Com a adolescência e a transição para a vida adulta, numa vertente mais psiquiátrica, podem ser despoletados padrões depressivos, perturbações de ansiedade, perturbações obsessivo-compulsivas, entre outras. Apresenta-se, assim, um quadro sintomatológico mais complexo, privando o jovem/adulto de uma integração plena (apesar de diferenciada).

Nesta perspetiva, é de valorizar a existência de outras patologias associadas como promotoras de um desinvestimento no ganho de competências a longo prazo.

TREINO DAS COMPETÊNCIAS SOCIAIS

A Competência Social é a área do desenvolvimento pessoal e social que permite a concretização de relações intra e interpessoais satisfatórias, através de comportamentos verbais, não-verbais e aspetos cognitivos.

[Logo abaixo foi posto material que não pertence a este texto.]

lemma mat_fun_commute_diagonal:
  assumes herm: "hermitian_mat n S"
    and comm: "\<And>r s. r < n \<Longrightarrow> s < n \<Longrightarrow> S r s * of_real (h s) = of_real (h r) * S r s"
    and r: "r < n" and s: "s < n"
  shows "mat_fun n f S r s * of_real (h s) = of_real (h r) * mat_fun n f S r s"
proof -
  define b where "b = eigvals n S"
  define w where "w = eigvecs n S"
  have on: "orthonormal_family n w"
    using spectral_decomp_eig[OF herm] unfolding spectral_decomp_def w_def by auto
  define D where "D x = (\<lambda>i. of_real (h i) * x i)" for x :: cvec
  define C where "C l l' = cinner n (w l) (D (w l'))" for l l'
  have F: "of_real (f (b l)) * C l l' = of_real (f (b l')) * C l l'" if "l < n" "l' < n" for l l'
    using eigvecs_orthogonal_diagonal[OF herm comm that] unfolding C_def D_def b_def w_def
    by (cases "eigvals n S l = eigvals n S l'") auto
  have Ccnj: "cnj (C l' l) = C l l'" for l l'
    unfolding C_def D_def cinner_def cnj_sum by (rule sum.cong[OF refl]) (simp add: mult_ac)
  have "mat_fun n f S r s * of_real (h s) = (\<Sum>l<n. of_real (f (b l)) * w l r * cnj (D (w l) s))"
    unfolding mat_fun_eig b_def[symmetric] w_def[symmetric] D_def sum_distrib_right
    by (rule sum.cong[OF refl]) (simp add: mult_ac)
  also have "\<dots> = (\<Sum>l<n. \<Sum>l'<n. of_real (f (b l)) * C l l' * w l r * cnj (w l' s))"
    unfolding orthonormal_family_expand[OF on s, of "D (w _)"] cnj_sum sum_distrib_left C_def[symmetric]
    by (intro sum.cong refl) (simp add: Ccnj mult_ac)
  also have "\<dots> = (\<Sum>l'<n. \<Sum>l<n. of_real (f (b l')) * C l l' * w l r * cnj (w l' s))"
    by (subst sum.swap) (intro sum.cong refl, simp add: F)
  also have "\<dots> = (\<Sum>l'<n. of_real (f (b l')) * D (w l') r * cnj (w l' s))"
    unfolding orthonormal_family_expand[OF on r, of "D (w _)"] sum_distrib_left sum_distrib_right C_def
    by (intro sum.cong refl) (simp add: mult_ac)
  also have "\<dots> = of_real (h r) * mat_fun n f S r s"
    unfolding mat_fun_eig b_def[symmetric] w_def[symmetric] D_def sum_distrib_left
    by (rule sum.cong[OF refl]) (simp add: mult_ac)
  finally show ?thesis .
qed

lemma block_diagonal_mat_fun:
  assumes herm: "hermitian_mat n S" and bd: "block_diagonal n dX S"
  shows "block_diagonal n dX (mat_fun n f S)"
  unfolding block_diagonal_def
proof (intro allI impI)
  fix r s assume r: "r < n" and s: "s < n" and ne: "r div dX \<noteq> s div dX"
  define h where "h i = (if i div dX = r div dX then 1 else 0 :: real)" for i
  have comm: "S r' s' * of_real (h s') = of_real (h r') * S r' s'" if "r' < n" "s' < n" for r' s'
    using bd that unfolding block_diagonal_def h_def by auto
  have "mat_fun n f S r s * of_real (h s) = of_real (h r) * mat_fun n f S r s"
    by (rule mat_fun_commute_diagonal[OF herm comm r s])
  then show "mat_fun n f S r s = 0" using ne by (simp add: h_def)
qed

lemma mtrace_mmult_dephase:
  assumes bd: "block_diagonal n dX F"
  shows "mtrace n (mmult n \<rho> F) = mtrace n (mmult n (dephase dX \<rho>) F)"
  unfolding mtrace_def mmult_def
proof (rule sum.cong[OF refl], rule sum.cong[OF refl])
  fix r k assume r: "r \<in> {..<n}" and k: "k \<in> {..<n}"
  show "\<rho> r k * F k r = dephase dX \<rho> r k * F k r"
  proof (cases "r div dX = k div dX")
    case True then show ?thesis by (simp add: dephase_def)
  next
    case False
    then have "F k r = 0" using bd r k unfolding block_diagonal_def by simp
    then show ?thesis by simp
  qed
qed
lemma merge_in_split_injections:
  assumes B: "B \<subseteq> {0..<k}" and "a \<le> n"
    and g: "g \<in> B \<rightarrow>\<^sub>E {0..<a}" "inj_on g B"
    and h: "h \<in> ({0..<k} - B) \<rightarrow>\<^sub>E {a..<n}" "inj_on h ({0..<k} - B)"
  shows "(\<lambda>u. if u \<in> B then g u else h u) \<in> split_injections k n a B"
proof -
  let ?f = "\<lambda>u. if u \<in> B then g u else h u"
  have g_below: "g u < a" if "u \<in> B" for u using PiE_mem[OF g(1) that] by simp
  have h_above: "a \<le> h u \<and> h u < n" if "u \<in> {0..<k} - B" for u using PiE_mem[OF h(1) that] by simp
  have below: "?f u < a \<longleftrightarrow> u \<in> B" if "u < k" for u
    using that g_below[of u] h_above[of u] by auto
  have "?f \<in> {0..<k} \<rightarrow>\<^sub>E {0..<n}"
  proof (rule PiE_I)
    fix u assume "u \<in> {0..<k}"
    then show "?f u \<in> {0..<n}" using \<open>a \<le> n\<close> g_below[of u] h_above[of u] by auto
  next
    fix u assume "u \<notin> {0..<k}"
    then show "?f u = undefined" using B PiE_arb[OF h(1), of u] by auto
  qed
  moreover have "inj_on ?f {0..<k}"
  proof (rule inj_onI)
    fix u v assume u: "u \<in> {0..<k}" and v: "v \<in> {0..<k}" and eq: "?f u = ?f v"
    then have "u \<in> B \<longleftrightarrow> v \<in> B" using below[of u] below[of v] by simp
    then show "u = v" using eq g(2) h(2) u v by (cases "u \<in> B") (auto simp: inj_on_def)
  qed
  ultimately show ?thesis using below by (auto simp: split_injections_def injections_def)
qed

lemma card_split_injections_ge:
  assumes B: "B \<subseteq> {0..<k}" and "a \<le> n"
  shows "falling_fact a (card B) * falling_fact (n - a) (k - card B) \<le> real (card (split_injections k n a B))"
proof -
  define C where "C = {0..<k} - B"
  let ?L = "{g \<in> B \<rightarrow>\<^sub>E {0..<a}. inj_on g B}"
  let ?R = "{h \<in> C \<rightarrow>\<^sub>E {a..<n}. inj_on h C}"
  define merge where "merge = (\<lambda>(g, h) u. if u \<in> B then g u else h u :: nat)"
  have "inj_on merge (?L \<times> ?R)"
  proof (rule inj_onI, clarify)
    fix g h g' h'
    assume g: "g \<in> B \<rightarrow>\<^sub>E {0..<a}" "g' \<in> B \<rightarrow>\<^sub>E {0..<a}"
      and h: "h \<in> C \<rightarrow>\<^sub>E {a..<n}" "h' \<in> C \<rightarrow>\<^sub>E {a..<n}"
      and eq: "merge (g, h) = merge (g', h')"
    have "g x = g' x \<and> h x = h' x" for x
      using fun_cong[OF eq, of x] PiE_arb[OF g(1), of x] PiE_arb[OF g(2), of x]
        PiE_arb[OF h(1), of x] PiE_arb[OF h(2), of x]
      by (cases "x \<in> B") (auto simp: merge_def C_def)
    then show "g = g' \<and> h = h'" by auto
  qed
  moreover have "merge ` (?L \<times> ?R) \<subseteq> split_injections k n a B"
    using merge_in_split_injections[OF B \<open>a \<le> n\<close>] by (auto simp: merge_def C_def)
  ultimately have "card (?L \<times> ?R) \<le> card (split_injections k n a B)"
    by (rule card_inj_on_le[OF _ _ finite_split_injections])
  then have "real (card ?L) * real (card ?R) \<le> real (card (split_injections k n a B))"
    by (simp add: card_cartesian_product flip: of_nat_mult)
  moreover have "finite B" using B finite_subset by blast
  moreover have "card C = k - card B"
    using B \<open>finite B\<close> by (simp add: C_def card_Diff_subset)
  ultimately show ?thesis
    using card_inj_funcset_eq_falling_fact[of B "{0..<a}"] card_inj_funcset_eq_falling_fact[of C "{a..<n}"]
    by (simp add: C_def)
qed

lemma copy_map_split_tournament:
  assumes H: "tournament k H" and dom: "dominating_set k H B" and f: "f \<in> split_injections k n a B"
    and \<sigma>: "\<And>u v. u < k \<Longrightarrow> v < k \<Longrightarrow> f u < f v \<Longrightarrow> (f u < a \<longleftrightarrow> f v < a) \<Longrightarrow>
      (f u, f v) \<in> \<sigma> \<longleftrightarrow> H u v"
  shows "copy_map k H (split_tournament a \<sigma>) f"
  unfolding copy_map_def
proof (intro allI impI)
  fix u v assume u: "u < k" and v: "v < k"
  have below: "f u < a \<longleftrightarrow> u \<in> B" "f v < a \<longleftrightarrow> v \<in> B"
    using f u v by (auto simp: split_injections_def)
  show "H u v = split_tournament a \<sigma> (f u) (f v)"
  proof (cases "u = v")
    case True
    then show ?thesis using tournament_irrefl[OF H u] by (simp add: split_tournament_def)
  next
    case False
    then have "f u \<noteq> f v"
      using f u v inj_onD[of f "{0..<k}" u v] by (auto simp: split_injections_def injections_def)
    have flip: "H u v \<longleftrightarrow> \<not> H v u" by (rule tournament_flip[OF H u v False])
    consider "u \<in> B" "v \<notin> B" | "u \<notin> B" "v \<in> B" | "u \<in> B \<longleftrightarrow> v \<in> B" by auto
    then show ?thesis
    proof cases
      case 1
      then have "H u v" using dom v by (simp add: dominating_set_def)
      then show ?thesis using 1 below by (simp add: split_tournament_def)
    next
      case 2
      then have "H v u" using dom u by (simp add: dominating_set_def)
      then show ?thesis using 2 below flip by (simp add: split_tournament_def)
    next
      case 3
      then have same: "f u < a \<longleftrightarrow> f v < a" using below by simp
      show ?thesis
      proof (cases "f u < f v")
        case True
        then show ?thesis using \<sigma>[OF u v True same] same by (auto simp: split_tournament_def)
      next
        case False
        then have "f v < f u" using \<open>f u \<noteq> f v\<close> by simp
        then show ?thesis
          using \<sigma>[OF v u _ same[symmetric]] same flip by (auto simp: split_tournament_def)
      qed
    qed
  qed
qed

lemma card_inner_pairs_in_image_le:
  assumes B: "B \<subseteq> {0..<k}" and f: "f \<in> split_injections k n a B"
  shows "card {(x, y) \<in> inner_pairs a n. x \<in> f ` {0..<k} \<and> y \<in> f ` {0..<k}}
    \<le> (card B choose 2) + ((k - card B) choose 2)"
proof -
  define C where "C = {0..<k} - B"
  let ?pairs = "\<lambda>S. {(x, y). x \<in> S \<and> y \<in> S \<and> x < y}"
  have f_inj: "inj_on f {0..<k}" and below: "\<And>u. u < k \<Longrightarrow> f u < a \<longleftrightarrow> u \<in> B"
    using f by (auto simp: split_injections_def injections_def)
  have "{(x, y) \<in> inner_pairs a n. x \<in> f ` {0..<k} \<and> y \<in> f ` {0..<k}} \<subseteq> ?pairs (f ` B) \<union> ?pairs (f ` C)"
  proof
    fix p assume "p \<in> {(x, y) \<in> inner_pairs a n. x \<in> f ` {0..<k} \<and> y \<in> f ` {0..<k}}"
    then obtain u v where "u < k" "v < k" "p = (f u, f v)" "(f u, f v) \<in> inner_pairs a n" by auto
    then show "p \<in> ?pairs (f ` B) \<union> ?pairs (f ` C)"
      using below[of u] below[of v] by (auto simp: inner_pairs_def C_def)
  qed
  moreover have "finite (?pairs (f ` B) \<union> ?pairs (f ` C))"
    by (rule finite_subset[of _ "f ` {0..<k} \<times> f ` {0..<k}"]) (use B in \<open>auto simp: C_def\<close>)
  ultimately have "card {(x, y) \<in> inner_pairs a n. x \<in> f ` {0..<k} \<and> y \<in> f ` {0..<k}}
      \<le> card (?pairs (f ` B) \<union> ?pairs (f ` C))"
    by (rule card_mono[rotated])
  also have "\<dots> \<le> card (?pairs (f ` B)) + card (?pairs (f ` C))"
    by (rule card_Un_le)
  also have "\<dots> = (card B choose 2) + ((k - card B) choose 2)"
    using B card_image[OF inj_on_subset[OF f_inj B]] card_image[OF inj_on_subset[OF f_inj, of C]]
    by (simp add: card_less_pairs C_def card_Diff_subset finite_subset)
  finally show ?thesis .
qed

Com o treino das competências sociais investimos na interação social, na área da comunicação e na capacidade de imaginação/flexibilização da criança, remetendo-nos para uma intervenção que promove a compreensão e aquisição de comportamentos cada vez mais funcionais.

O objetivo prioritário centra-se na aprendizagem sistematizada e concretizada para uma compreensão e adequação comportamental nos diferentes contextos sociais, para que a criança/jovem não sejam estigmatizados. É necessário que a criança faça o conhecimento e a aplicação de diferentes conceitos, o entendimento de que existem diferentes formas de comunicar e de se expressar. Só assim facilitamos o processo para uma melhor integração, fazendo com que a criança se avalie como um agente ativo e desencadeie atitudes facilitadoras de comportamentos tão banais como a realização de uma conversa, a aceitação de um convite, dar uma opinião de forma assertiva, ter a capacidade de realizar um recado, atravessar uma estrada, de fazer uma compra, andar num transporte público, enfim…. beneficiar de um dia-a-dia repleto de vivências.

A Intencionalidade Comunicativa, a Regulação Emocional e a Reciprocidade Social determinam os objetivos específicos a desenvolver na intervenção com a família, escola e, agentes sociais em cada contexto da vida da pessoa com SA.

O nosso papel passa por estruturar, intervir e mediar uma rede de contextos e pessoas em função da vida ativa da pessoa com SA, promovendo uma melhoria da sua compreensão pessoal e social para que a funcionalidade de hoje promova a verdadeira integração de amanhã.